“Essa foi a primeira vez que entendi que farinha e ovo não são ingredientes — são uma relação.” –>
Tem uma coisa que o chef Matteo me disse numa tarde de terça-feira em Bolonha, enquanto eu tentava pela terceira vez passar a massa na máquina sem rasgá-la: “Rafael, você está com medo dela. A massa sente isso.”
Eu achei que era coisa de italiano dramático. Não era.
Estava no verão de 2015, num laboratório de massas artesanais no bairro Saragozza, quando percebi que toda a minha formação técnica em Paris não me preparou pra um negócio aparentemente simples: fazer tagliatelle caseiro de verdade. Não o tipo que fica gelatinoso depois de dois minutos na água. Não o tipo que gruda tudo junto na hora de servir. O tipo que você morde e sente que tem estrutura, textura, uma certa resistência antes de ceder.
Esse artigo é sobre isso.
A proporção que a maioria erra
Vou direto ao ponto porque esse é, de longe, o erro mais comum: a proporção entre farinha e ovos.
A regra que aprendi em Bolonha — e que o manual da Academia Barilla confirma como proporção clássica da Emília-Romanha — é simples: 100g de farinha para 1 ovo inteiro. Para uma porção generosa de dois adultos, portanto, você precisa de 200g de farinha e 2 ovos.
Só que tem uma nuance que ninguém conta direito.
O ovo que os italianos usam para massa fresca não é o ovo comum que você compra no mercado brasileiro. É um ovo com gema bem laranja, de galinha caipira ou de campo, com muito mais gordura e cor. Isso muda completamente a textura final da massa e, principalmente, a cor dourada que faz uma tagliatelle parecer uma tagliatelle.
No Brasil, você consegue um resultado muito próximo usando ovos caipiras — ou, se quiser um nível acima, adicionar uma gema extra a cada dois ovos inteiros. Descobri isso experimentando em casa depois da viagem, depois de levar um susto com a cor pálida da primeira tentativa.
Além disso, a farinha importa mais do que parece. A farinha 00 (doppio zero) é o padrão italiano: moída finamente, com menos proteína que a farinha de trigo comum, o que resulta numa massa mais sedosa e maleável. No Brasil, a farinha tipo 1 funciona, mas a massa fica um pouco mais resistente. Se encontrar farinha 00 importada — ou as versões nacionais específicas para massas frescas — use.

“Depois de sovar, a massa precisa descansar. Você também, aliás.” –>
A sova que faz a diferença
Há uma razão pela qual a sova de massa fresca é descrita como trabalho físico, e não como técnica delicada.
Você está desenvolvendo a rede de glúten.
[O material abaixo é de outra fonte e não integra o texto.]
lemma window_bisim_forward:
  assumes Z: "window_bisim n (Suc d) C C'" and r: "window_rel n r C D"
  obtains D' where "window_rel n r C' D'" "window_bisim n d D D'"
proof -
  define t :: nat where "t = 2 ^ Suc d"
  have t: "2 * t \<le> 2 * t" "1 \<le> t" "2 * t \<le> n" unfolding t_def using Z by (simp_all add: window_bisim_def)
  have wf: "wf_window n C" "wf_window n C'" and eqv: "window_eqv (2 * t) C C'"
    using Z unfolding window_bisim_def t_def by simp_all
  have bisim: "window_bisim n d D D'" if "wf_window n D" "wf_window n D'" "window_eqv t D D'" for D D'
    using that t unfolding window_bisim_def t_def by simp
  show thesis
  proof (cases r)
    case Dia_B
    with r obtain i where i: "1 \<le> i" "i < shape_len (window_body C)"
      and D: "D = window_with_body C (shape_take n (window_body C) i)" by auto
    obtain i' where "1 \<le> i'" "i' < shape_len (window_body C')"
      "window_eqv t D (window_with_body C' (shape_take n (window_body C') i'))"
      using window_eqv_take[OF eqv t i] unfolding D by blast
    with i wf window_take_body(1) Dia_B show thesis
      by (intro that[of "window_with_body C' (shape_take n (window_body C') i')"] bisim) (auto simp: D)
  next
    case Dia_E
    with r obtain i where i: "1 \<le> i" "i < shape_len (window_body C)" and D: "D = window_drop C i" by auto
    obtain xa xb k R m where C: "C = (xa, xb, k, R, m)" by (rule window_cases)
    obtain xa' xb' k' R' m' where C': "C' = (xa', xb', k', R', m')" by (rule window_cases)
    obtain i' where i': "1 \<le> i'" "i' < k' + m'" "window_eqv t D (window_drop C' i')"
      using window_eqv_drop[OF eqv[unfolded C C'] t(1,2)] i unfolding C C' D by auto
    with i wf Dia_E show thesis
      by (intro that[of "window_drop C' i'"] bisim) (auto simp: C C' D window_drop_simps)
  next
    case Dia_Bbar
    from r[unfolded Dia_Bbar window_rel.simps] obtain \<tau> where \<tau>: "wf_shape n \<tau>"
      "shape_len (window_body C) < shape_len \<tau>" "shape_take n \<tau> (shape_len (window_body C)) = window_body C"
      and D: "D = window_with_body C \<tau>" by blast
    obtain \<tau>' where \<tau>': "wf_shape n \<tau>'" "shape_len (window_body C') < shape_len \<tau>'"
      "shape_take n \<tau>' (shape_len (window_body C')) = window_body C'"
      "window_eqv t D (window_with_body C' \<tau>')"
      using window_eqv_extend_right[OF wf eqv t \<tau>] unfolding D by blast
    have "window_rel n r C' (window_with_body C' \<tau>')"
      using \<tau>'(1-3) unfolding Dia_Bbar window_rel.simps by blast
    with \<tau> \<tau>' wf window_with_body_extend(1) show thesis by (intro that bisim) (auto simp: D)
  next
    case Dia_Ebar
    with r obtain j where j: "1 \<le> j" "j \<le> window_start C" and D: "D = window_extend_left C j" by auto
    obtain xa xb k R m where C: "C = (xa, xb, k, R, m)" by (rule window_cases)
    obtain xa' xb' k' R' m' where C': "C' = (xa', xb', k', R', m')" by (rule window_cases)
    obtain j' where j': "1 \<le> j'" "j' \<le> xa' + xb'" "window_eqv t D (window_extend_left C' j')"
      using window_eqv_extend_left[OF eqv[unfolded C C'] t(1,2)] j unfolding C C' D by auto
    with j wf Dia_Ebar show thesis
      by (intro that[of "window_extend_left C' j'"] bisim) (auto simp: C C' D window_extend_left_simps)
  qed
qed

lemma graded_bisim_window_bisim: "graded_bisim (window_frame n) (window_frame n) (window_bisim n)"
proof (rule graded_bisim_symI)
  fix d C C'
  assume "window_bisim n d C C'"
  then show "window_bisim n d C' C" by (simp add: window_bisim_def window_eqv_sym)
next
  fix d C C' p
  assume "window_bisim n d C C'"
  then have "min (2 ^ Suc d) (fst (window_body C)) = min (2 ^ Suc d) (fst (window_body C'))"
    unfolding window_bisim_def by (cases C rule: window_cases; cases C' rule: window_cases) simp
  then have "fst (window_body C) = 0 \<longleftrightarrow> fst (window_body C') = 0" by (rule min_eq_zero_iff[rotated]) simp
  then show "hs_val (window_frame n) p C \<longleftrightarrow> hs_val (window_frame n) p C'"
    by (simp add: window_frame_def)
next
  fix d C C'
  assume "window_bisim n (Suc d) C C'"
  moreover have "(2::nat) ^ Suc d \<le> 2 ^ Suc (Suc d)" by simp
  ultimately show "window_bisim n d C C'"
    unfolding window_bisim_def by (meson order.trans window_eqv_mono)
next
  fix d r C C' D
  assume Z: "window_bisim n (Suc d) C C'" and r: "hs_rel (window_frame n) r C D"
  from r have "window_rel n r C D" by (simp add: window_frame_def)
  with Z obtain D' where "window_rel n r C' D'" "window_bisim n d D D'" by (rule window_bisim_forward)
  then show "\<exists>D'. hs_rel (window_frame n) r C' D' \<and> window_bisim n d D D'"
    by (intro exI[of _ D']) (simp add: window_frame_def)
qed

lemma ct_models_ladder_change_start:
  fixes \<phi> :: "'ap hs"
  assumes n: "n = 2 * 2 ^ Suc (hs_depth \<phi>)" and s: "s \<le> 1" "s' \<le> 1"
    and "ct_models (ladder n s :: (nat, 'ap) kripke) \<phi>"
  shows "ct_models (ladder n s' :: (nat, 'ap) kripke) \<phi>"
  unfolding ct_models_ladder_iff
proof (intro allI impI)
  fix \<sigma>' assume \<sigma>': "wf_shape n \<sigma>' \<and> hd (shape_trace n \<sigma>') = s'"
  have T: "1 \<le> (2::nat) ^ Suc (hs_depth \<phi>)" "2 * 2 ^ Suc (hs_depth \<phi>) \<le> n" using n by simp_all
  obtain \<sigma> where \<sigma>: "wf_shape n \<sigma>" "hd (shape_trace n \<sigma>) = s"
    and eqv: "shape_eqv (2 ^ Suc (hs_depth \<phi>)) \<sigma>' \<sigma>"
    using shape_change_start[OF T s(2,1)] \<sigma>' by blast
  with assms(4) have "hs_sat (window_frame n) (0, 0, \<sigma>) \<phi>" unfolding ct_models_ladder_iff by blast
  moreover have "window_bisim n (hs_depth \<phi>) (0, 0, \<sigma>') (0, 0, \<sigma>)"
    using \<sigma> \<sigma>' eqv n unfolding window_bisim_def by simp
  ultimately show "hs_sat (window_frame n) (0, 0, \<sigma>') \<phi>"
    using graded_bisim_hs_sat[OF graded_bisim_window_bisim order.refl] by blast
qed

section \<open>The separating formula\<close>

lemma lin_models_ladder_0: "\<not> lin_models (ladder n 0 :: (nat, 'ap) kripke) (DiaBbar (DiaE (Prop p)))"
proof -
  have "is_path (ladder n 0 :: (nat, 'ap) kripke) (\<lambda>_. 0)" by (simp add: is_path_def)
  moreover have "\<not> lin_holds (ladder n 0 :: (nat, 'ap) kripke) (\<lambda>_. 0) 0 0 (DiaBbar (DiaE (Prop p)))"
    by auto
  moreover have "(\<lambda>_. 0::nat) 0 = init (ladder n 0 :: (nat, 'ap) kripke)" by simp
  ultimately show ?thesis unfolding lin_models_def by blast
qed
lemma simple_quot_partial_sum_insert:
  assumes "i \<le> l" "i \<notin> J"
    and "gm_submodule m \<rho> (partial_sum J)" "gm_submodule m \<rho> (partial_sum (insert i J))"
  shows "simple_quot m \<rho> (partial_sum J) (partial_sum (insert i J))"
  unfolding simple_quot_def
proof (intro conjI allI impI assms(3,4))
  obtain x where "x \<in> U i" "x \<noteq> 0" using summand_nonzero[OF assms(1)] by blast
  then have "x \<in> partial_sum (insert i J)" "x \<notin> partial_sum J"
    using assms(1,2) summand_subset_partial_sum[of i "insert i J"] summand_inter_partial_sum[of i J x]
    by auto
  then show "partial_sum J \<subset> partial_sum (insert i J)"
    using partial_sum_mono[of J "insert i J"] by auto
next
  fix N assume N: "gm_submodule m \<rho> N \<and> partial_sum J \<subseteq> N \<and> N \<subseteq> partial_sum (insert i J)"
  then have "vec.subspace N" by (simp add: gm_submodule_def sl2_submodule_def)
  have diff_proj_in_N: "y - proj i *v y \<in> N" if "y \<in> partial_sum (insert i J)" for y
    using N diff_proj_in_partial_sum[OF assms(1) that] by blast
  have "sl2_submodule \<rho> (N \<inter> U i)"
    using N sl2_submodule_summand[OF assms(1)]
    by (auto simp: gm_submodule_def sl2_submodule_def intro: vec.subspace_inter)
  then have "N \<inter> U i = {0} \<or> N \<inter> U i = U i"
    using sl2_irred_summand[OF assms(1)] by (auto simp: sl2_irred_def)
  then show "N = partial_sum J \<or> N = partial_sum (insert i J)"
  proof
    assume N0: "N \<inter> U i = {0}"
    have "y \<in> partial_sum J" if "y \<in> N" for y
    proof -
      have "y - (y - proj i *v y) \<in> N"
        using \<open>vec.subspace N\<close> that N diff_proj_in_N by (blast intro: vec.subspace_diff)
      then have "proj i *v y = 0" using N0 proj_in_summand[OF assms(1)] by auto
      then show ?thesis using that N diff_proj_in_partial_sum[OF assms(1)] by force
    qed
    then show ?thesis using N by blast
  next
    assume "N \<inter> U i = U i"
    then have "proj i *v y \<in> N" for y using proj_in_summand[OF assms(1)] by blast
    then have "(y - proj i *v y) + proj i *v y \<in> N" if "y \<in> partial_sum (insert i J)" for y
      using \<open>vec.subspace N\<close> that diff_proj_in_N by (blast intro: vec.subspace_add)
    then show ?thesis using N by auto
  qed
qed

lemma sl2_submodule_rop_annihilator:
  assumes "k \<le> l" "i \<le> l"
  shows "sl2_submodule \<rho> {y \<in> U i. \<forall>s\<le>m. proj k *v (rop \<rho> s *v y) = 0}"
  unfolding sl2_submodule_iff
proof (intro conjI ballI)
  show "vec.subspace {y \<in> U i. \<forall>s\<le>m. proj k *v (rop \<rho> s *v y) = 0}"
    using subspace_summand[OF assms(2)] by (auto simp: vec.subspace_def vec.add vec.scale)
next
  fix A y
  assume "A \<in> {eop \<rho>, hop \<rho>, fop \<rho>}" and "y \<in> {y \<in> U i. \<forall>s\<le>m. proj k *v (rop \<rho> s *v y) = 0}"
  then show "A *v y \<in> {y \<in> U i. \<forall>s\<le>m. proj k *v (rop \<rho> s *v y) = 0}"
    using rop_annihilator_invariant[OF gm_module _ proj_commute_sl2[OF assms(1)]]
      sl2_submodule_summand[OF assms(2)]
    by (auto simp: sl2_submodule_iff)
qed
lemma distr_interleave:
  assumes "prob_space M"
  shows "distr (sample_space n M \<Otimes>\<^sub>M sample_space n M) (super_space n M) (\<lambda>(s, s'). interleave n u s s')
    = super_space n M"
  unfolding super_space_def
proof (rule product_sigma_finite.PiM_eqI)
  let ?S = "sample_space n M"
  interpret S: prob_space ?S
    using assms by (rule prob_space_sample_space)
  interpret product_sigma_finite "\<lambda>_. M"
    using assms by (simp add: product_sigma_finite_def prob_space_imp_sigma_finite)
  show "product_sigma_finite (\<lambda>_. M)" ..
  fix X :: "nat \<times> bool \<Rightarrow> 'a set" assume X: "\<And>j. j \<in> {..<n} \<times> UNIV \<Longrightarrow> X j \<in> sets M"
  have X_space: "x \<in> space M" if "i < n" and "x \<in> X (i, c)" for i c x
    using X[of "(i, c)"] that sets.sets_into_space by auto
  have PiE_sets: "Pi\<^sub>E ({..<n} \<times> UNIV) X \<in> sets (Pi\<^sub>M ({..<n} \<times> UNIV) (\<lambda>_. M))"
    by (rule sets_PiM_I_finite) (use X in auto)
  have sets_selected: "(\<Pi>\<^sub>E i\<in>{..<n}. X (i, c i)) \<in> sets ?S" for c
    unfolding sample_space_def by (rule sets_PiM_I_finite) (use X in auto)
  have preimage: "(\<lambda>(s, s'). interleave n u s s') -` Pi\<^sub>E ({..<n} \<times> UNIV) X \<inter> space (?S \<Otimes>\<^sub>M ?S)
      = (\<Pi>\<^sub>E i\<in>{..<n}. X (i, u i)) \<times> (\<Pi>\<^sub>E i\<in>{..<n}. X (i, \<not> u i))"
  proof (rule set_eqI)
    fix p :: "(nat \<Rightarrow> 'a) \<times> (nat \<Rightarrow> 'a)"
    obtain s s' where p: "p = (s, s')" by (cases p)
    show "p \<in> (\<lambda>(s, s'). interleave n u s s') -` Pi\<^sub>E ({..<n} \<times> UNIV) X \<inter> space (?S \<Otimes>\<^sub>M ?S)
      \<longleftrightarrow> p \<in> (\<Pi>\<^sub>E i\<in>{..<n}. X (i, u i)) \<times> (\<Pi>\<^sub>E i\<in>{..<n}. X (i, \<not> u i))"
      unfolding p vimage_def Int_iff mem_Collect_eq prod.case interleave_in_PiE
      by (auto simp: space_pair_measure sample_space_def space_PiM PiE_iff intro: X_space)
  qed
  have "emeasure (distr (?S \<Otimes>\<^sub>M ?S) (Pi\<^sub>M ({..<n} \<times> UNIV) (\<lambda>_. M)) (\<lambda>(s, s'). interleave n u s s'))
      (Pi\<^sub>E ({..<n} \<times> UNIV) X)
    = emeasure ?S (\<Pi>\<^sub>E i\<in>{..<n}. X (i, u i)) * emeasure ?S (\<Pi>\<^sub>E i\<in>{..<n}. X (i, \<not> u i))"
    unfolding emeasure_distr[OF measurable_interleave[of n u M, unfolded super_space_def] PiE_sets] preimage
    by (rule S.emeasure_pair_measure_Times[OF sets_selected sets_selected])
  also have "\<dots> = (\<Prod>i<n. emeasure M (X (i, u i)) * emeasure M (X (i, \<not> u i)))"
    unfolding sample_space_def prod.distrib by (subst (1 2) emeasure_PiM) (use X in auto)
  also have "\<dots> = (\<Prod>i<n. \<Prod>c\<in>UNIV. emeasure M (X (i, c)))"
  proof (rule prod.cong[OF refl])
    fix i show "emeasure M (X (i, u i)) * emeasure M (X (i, \<not> u i)) = (\<Prod>c\<in>UNIV. emeasure M (X (i, c)))"
      by (cases "u i") (simp_all add: UNIV_bool mult.commute)
  qed
  also have "\<dots> = (\<Prod>j\<in>{..<n} \<times> UNIV. emeasure M (X j))"
    by (rule prod.cartesian_product'[symmetric])
  finally show "emeasure (distr (?S \<Otimes>\<^sub>M ?S) (Pi\<^sub>M ({..<n} \<times> UNIV) (\<lambda>_. M)) (\<lambda>(s, s'). interleave n u s s'))
      (Pi\<^sub>E ({..<n} \<times> UNIV) X) = (\<Prod>j\<in>{..<n} \<times> UNIV. emeasure M (X j))" .
qed simp_all
theorem sum_slice_cond_var_vanishes:
  assumes q: "2 \<le> q" and "0 < l"
    and excess_int: "integrable M (\<lambda>\<omega>. excess \<omega> powr q)"
    and variation: "\<forall>e>0. \<exists>R. \<forall>r\<ge>R. \<forall>b\<in>Pi_pts r B.
                      real r powr (- 1 / q) * (\<Sum>i=2..r. \<bar>m (b i) - m (b (i - 1))\<bar>) \<le> e"
  shows "\<forall>e>0. \<exists>H0. \<forall>H\<ge>H0. \<forall>a\<in>A_part M Y H l K.
           real H powr (- 2 / q) * (\<Sum>h=1..H. cond_var_event M (\<lambda>\<omega>. m (Y \<omega>)) (slice M Y a h)) \<le> e"
proof (intro allI impI)
  fix e :: real assume "0 < e"
  define s where "s = sqrt (e / 33)"
  have s: "0 < s" "33 * s\<^sup>2 = e"
    using \<open>0 < e\<close> by (auto simp: s_def)
  obtain \<rho> where "0 < \<rho>" and \<rho>: "\<forall>T\<in>sets M. measure M T \<le> \<rho> \<longrightarrow>
      (\<integral>\<omega>. indicator T \<omega> * excess \<omega> powr q \<partial>M) \<le> l * s powr q"
    using integral_indicator_small[OF prob_space_axioms excess_int, of "l * s powr q"] \<open>0 < l\<close> s
    by auto
  obtain R :: nat where R: "\<forall>r\<ge>R. \<forall>b\<in>Pi_pts r B.
      real r powr (- 1 / q) * (\<Sum>i=2..r. \<bar>m (b i) - m (b (i - 1))\<bar>) \<le> s / 2"
    using variation s by (meson half_gt_zero)
  obtain N :: nat where N: "K / \<rho> \<le> real N"
    using real_arch_simple by blast
  have "real H powr (- 2 / q) * (\<Sum>h=1..H. cond_var_event M (\<lambda>\<omega>. m (Y \<omega>)) (slice M Y a h)) \<le> e"
    if H: "max N (R + 3) \<le> H" and a: "a \<in> A_part M Y H l K" for H a
  proof -
    have "K \<le> \<rho> * N"
      using N \<open>0 < \<rho>\<close> by (simp add: pos_divide_le_eq mult.commute)
    also have "\<dots> \<le> \<rho> * H"
      using H \<open>0 < \<rho>\<close> by (intro mult_left_mono) auto
    finally have "K / H \<le> \<rho>"
      using H by (simp add: divide_le_eq mult.commute)
    then have "\<forall>T\<in>sets M. measure M T \<le> K / H \<longrightarrow>
        (\<integral>\<omega>. indicator T \<omega> * excess \<omega> powr q \<partial>M) \<le> l * s powr q"
      using \<rho> by auto
    moreover have "R \<le> 2 * (H - 2)"
      using H by linarith
    ultimately show ?thesis
      using scaled_sum_slice_cond_var_le[OF _ a \<open>0 < l\<close> q s(1) excess_int] R H s(2) by auto
  qed
  then show "\<exists>H0. \<forall>H\<ge>H0. \<forall>a\<in>A_part M Y H l K.
      real H powr (- 2 / q) * (\<Sum>h=1..H. cond_var_event M (\<lambda>\<omega>. m (Y \<omega>)) (slice M Y a h)) \<le> e"
    by blast
qed

end

theorem proposition1:
  fixes M :: "'a measure" and E :: "'e measure"
    and X :: "'a \<Rightarrow> real ^ 'p" and \<epsilon> :: "'a \<Rightarrow> 'e"
    and f :: "real \<Rightarrow> 'e \<Rightarrow> real" and Y :: "'a \<Rightarrow> real"
    and \<beta> :: "real ^ 'p" and s :: nat and j :: 'p
    and mj m :: "real \<Rightarrow> real" and \<xi> l K :: real
  assumes "prob_space M"
    and X_rv: "X \<in> borel_measurable M"
    and X_indep: "prob_space.indep_vars M (\<lambda>_. borel) (\<lambda>i \<omega>. X \<omega> $ i) UNIV"
    and X_normal: "\<forall>i. distributed M lborel (\<lambda>\<omega>. X \<omega> $ i) std_normal_density"
    and eps_rv: "\<epsilon> \<in> measurable M E"
    and indep: "prob_space.indep_set M {X -` A \<inter> space M | A. A \<in> sets borel}
                                        {\<epsilon> -` A \<inter> space M | A. A \<in> sets E}"
    and f_meas: "case_prod f \<in> borel_measurable (borel \<Otimes>\<^sub>M E)"
    and Y_def: "\<forall>\<omega>\<in>space M. Y \<omega> = f (X \<omega> \<bullet> \<beta>) (\<epsilon> \<omega>)"
    and Y_cont: "\<forall>y. measure M {\<omega>\<in>space M. Y \<omega> = y} = 0"
    and s_pos: "s > 0"
    and s_card: "card {i. \<beta> $ i \<noteq> 0} = s"
    and beta_entries: "\<forall>i. \<beta> $ i \<in> {1 / sqrt (real s), - 1 / sqrt (real s), 0}"
    and j_supp: "\<beta> $ j \<noteq> 0"
    and mj_meas: "mj \<in> borel_measurable borel"
    and mj_ce: "AE \<omega> in M. mj (Y \<omega>) =
                 real_cond_exp M (vimage_algebra (space M) Y borel) (\<lambda>\<omega>. X \<omega> $ j) \<omega>"
    and var_pos: "prob_space.variance M (\<lambda>\<omega>. mj (Y \<omega>)) > 0"
    and m_def: "m = (\<lambda>y. sgn (\<beta> $ j) * mj y / sqrt (prob_space.variance M (\<lambda>\<omega>. mj (Y \<omega>))))"
    and xi_pos: "\<xi> > 0"
    and cond_i: "\<forall>B>0. \<forall>e>0. \<exists>R. \<forall>r\<ge>R. \<forall>b\<in>Pi_pts r B.
                   real r powr (- 1 / (2 + \<xi>)) * (\<Sum>i=2..r. \<bar>m (b i) - m (b (i - 1))\<bar>) \<le> e"
    and cond_ii: "\<exists>B0>0. \<exists>mt :: real \<Rightarrow> real.
                   mono_on {B0<..} mt \<and>
                   (\<forall>x y. ((x < - B0 \<and> y < - B0) \<or> (x > B0 \<and> y > B0)) \<longrightarrow>
                          \<bar>m x - m y\<bar> \<le> \<bar>mt \<bar>x\<bar> - mt \<bar>y\<bar>\<bar>) \<and>
                   integrable M (\<lambda>\<omega>. \<bar>(if \<bar>Y \<omega>\<bar> \<le> B0 then 0 else mt \<bar>Y \<omega>\<bar>)\<bar> powr (2 + \<xi>))"
    and l_pos: "0 < l" and l_lt: "l < 1" and K_gt: "1 < K"
  shows "\<forall>e>0. \<exists>H0. \<forall>H\<ge>H0. \<forall>a\<in>A_part M Y H l K.
           real H powr (- 2 / (2 + \<xi>)) *
           (\<Sum>h=1..H. cond_var_event M (\<lambda>\<omega>. m (Y \<omega>))
                {\<omega>\<in>space M. a h < ereal (Y \<omega>) \<and> ereal (Y \<omega>) \<le> a (Suc h)}) \<le> e"
proof -
  obtain B0 mt where "0 < B0" and mt_mono: "mono_on {B0<..} mt"
    and tail: "\<forall>x y. ((x < - B0 \<and> y < - B0) \<or> (x > B0 \<and> y > B0)) \<longrightarrow>
                 \<bar>m x - m y\<bar> \<le> \<bar>mt \<bar>x\<bar> - mt \<bar>y\<bar>\<bar>"
    and tail_moment: "integrable M (\<lambda>\<omega>. \<bar>(if \<bar>Y \<omega>\<bar> \<le> B0 then 0 else mt \<bar>Y \<omega>\<bar>)\<bar> powr (2 + \<xi>))"
    using cond_ii by blast
  have "(\<lambda>\<omega>. f (X \<omega> \<bullet> \<beta>) (\<epsilon> \<omega>)) \<in> borel_measurable M"
    using measurable_compose[OF _ f_meas, of "\<lambda>\<omega>. (X \<omega> \<bullet> \<beta>, \<epsilon> \<omega>)"] X_rv eps_rv by simp
  then have "Y \<in> borel_measurable M"
    using Y_def by (subst measurable_cong) auto
  moreover have "m \<in> borel_measurable borel"
    unfolding m_def using mj_meas by measurable
  ultimately interpret tail_dominated M Y m mt B0 "B0 + 1"
    using \<open>prob_space M\<close> Y_cont \<open>0 < B0\<close> mt_mono tail
    by (simp add: tail_dominated_def tail_dominated_axioms_def)
  have "2 \<le> 2 + \<xi>" "0 < 2 + \<xi>"
    using xi_pos by auto
  from sum_slice_cond_var_vanishes[OF this(1) l_pos integrable_excess_powr[OF this(2) tail_moment]]
  show ?thesis
    using cond_i \<open>0 < B0\<close> unfolding slice_def by simp
qed

end
(* With the notation of the context, for every $\varepsilon>0$, \[ w_\varepsilon(x)\ge\varepsilon^p\,\chi_{\lambda^{-1}\varepsilon^{2-p}}(x/\varepsilon)\qquad\text{for all }x\in U.\]
   Context: Let $U\subset\mathbb{R}^n$ be a smooth bounded domain, and let $\varphi_0\in C^2(U)\cap C(\overline U)$ be positive somewhere in $U$, negative on $\partial U$, and satisfy $\lambda\le-\Delta\varphi_0\le\lambda^{-1}$ in $U$ for some $\lambda\in(0,1]$. Let $\psi:\mathbb{R}^n\to\mathbb{R}$ be a smooth $\mathbb{Z}^n$-periodic function with $-1\le\psi\le0$, and let $p\in\mathbb{R}$. For $\varepsilon>0$ set $\varphi_\varepsilon(x)=\varphi_0(x)+\varepsilon^p\psi(x/\varepsilon)$ and let $u_\varepsilon$ be the least function $v$ with $\Delta v\le 0$ in $U$, $v\ge\varphi_\varepsilon$ in $U$, $v\ge0$ on $\partial U$. Set $w_\varepsilon=u_\varepsilon-\varphi_0$. For $\mu>0$, let $\chi_\mu$ be the least $\mathbb{Z}^n$-periodic function $v$ on $\mathbb{R}^n$ with $\Delta v\le\mu$ in $\mathbb{R}^n$ and $v\ge\psi$ in $\mathbb{R}^n$. *)

theory Defs
  imports "HOL-Analysis.Analysis"
begin

fun pd :: "'a::real_normed_vector list \<Rightarrow> ('a \<Rightarrow> real) \<Rightarrow> 'a \<Rightarrow> real" where
  "pd [] f = f"
| "pd (v # vs) f = (\<lambda>x. deriv (\<lambda>t. pd vs f (x + t *\<^sub>R v)) 0)"
lemma opt_cost_Suc_le:
  assumes "(y, v) \<in> G" shows "opt_cost (Suc T) y \<le> k y v + opt_cost T (f y v)"
proof -
  have "y \<in> Y" and "f y v \<in> Y" and v: "v \<in> Aset U f Y y"
    using assms by (auto simp: mem_G_iff Aset_def)
  have "opt_cost (Suc T) y - k y v \<le> opt_cost T (f y v)"
  proof (rule opt_cost_greatest[OF \<open>f y v \<in> Y\<close>])
    fix u assume u: "admissible U f Y T (f y v) u"
    have "admissible U f Y (Suc T) y (case_nat v u)"
      unfolding admissible_def
    proof (intro allI impI)
      fix t assume "t < Suc T"
      then show "case_nat v u t \<in> Aset U f Y (traj f y (case_nat v u) t)"
        using u v by (cases t) (auto simp: admissible_def traj_case_nat simp del: traj.simps(2))
    qed
    then have "opt_cost (Suc T) y \<le> (\<Sum>t<Suc T. k (traj f y (case_nat v u) t) (case_nat v u t))"
      by (rule opt_cost_le[OF \<open>y \<in> Y\<close>])
    also have "\<dots> = k y v + (\<Sum>t<T. k (traj f (f y v) u t) (u t))"
      by (subst sum.lessThan_Suc_shift) (simp add: traj_case_nat del: traj.simps(2))
    finally show "opt_cost (Suc T) y - k y v \<le> (\<Sum>t<T. k (traj f (f y v) u t) (u t))"
      by simp
  qed
  then show ?thesis by simp
qed

definition delta_chain :: "real \<Rightarrow> (nat \<Rightarrow> 'a) \<Rightarrow> (nat \<Rightarrow> 'u) \<Rightarrow> nat \<Rightarrow> bool" where
  "delta_chain \<delta> z u T \<longleftrightarrow> (\<forall>t<T. (z t, u t) \<in> G) \<and>
     (\<forall>t. Suc t < T \<longrightarrow> dist (z (Suc t)) (f (z t) (u t)) \<le> \<delta>)"

lemma delta_chain_Nil: "delta_chain \<delta> z u 0"
  by (simp add: delta_chain_def)

lemma delta_chain_Cons:
  assumes "(y, v) \<in> G" and "dist (z 0) (f y v) \<le> \<delta>" and "delta_chain \<delta> z u T"
  shows "delta_chain \<delta> (case_nat y z) (case_nat v u) (Suc T)"
  using assms unfolding delta_chain_def by (auto simp: less_Suc_eq_0_disj split: nat.split)

lemma delta_chain_shift:
  assumes "delta_chain \<delta> z u T" and "s + N \<le> T"
  shows "delta_chain \<delta> (\<lambda>t. z (s + t)) (\<lambda>t. u (s + t)) N"
  unfolding delta_chain_def
proof (intro conjI allI impI)
  fix t assume "t < N"
  then have "s + t < T" using assms(2) by linarith
  then show "(z (s + t), u (s + t)) \<in> G" using assms(1) unfolding delta_chain_def by blast
next
  fix t assume "Suc t < N"
  then have "Suc (s + t) < T" using assms(2) by linarith
  then show "dist (z (s + Suc t)) (f (z (s + t)) (u (s + t))) \<le> \<delta>"
    using assms(1) unfolding delta_chain_def by simp
qed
Essa rede é o que vai dar elasticidade e firmeza à massa — e ela precisa ser trabalhada com força, com ritmo, com pressão real. Não é mexer gentilmente. É empurrar a massa contra a bancada, dobrar, girar 90 graus, empurrar de novo.
O processo leva de 8 a 10 minutos de sova contínua. No fim, a massa deve estar completamente lisa, sem nenhuma irregularidade na superfície, e ligeiramente elástica — quando você pressiona um dedo, ela volta devagar. Se ela rachar nas bordas ao dobrar, precisa de mais sova. Se ela grudar excessivamente na mão, talvez tenha umidade demais (o que pode acontecer em dias úmidos no Brasil, especialmente no Centro-Oeste).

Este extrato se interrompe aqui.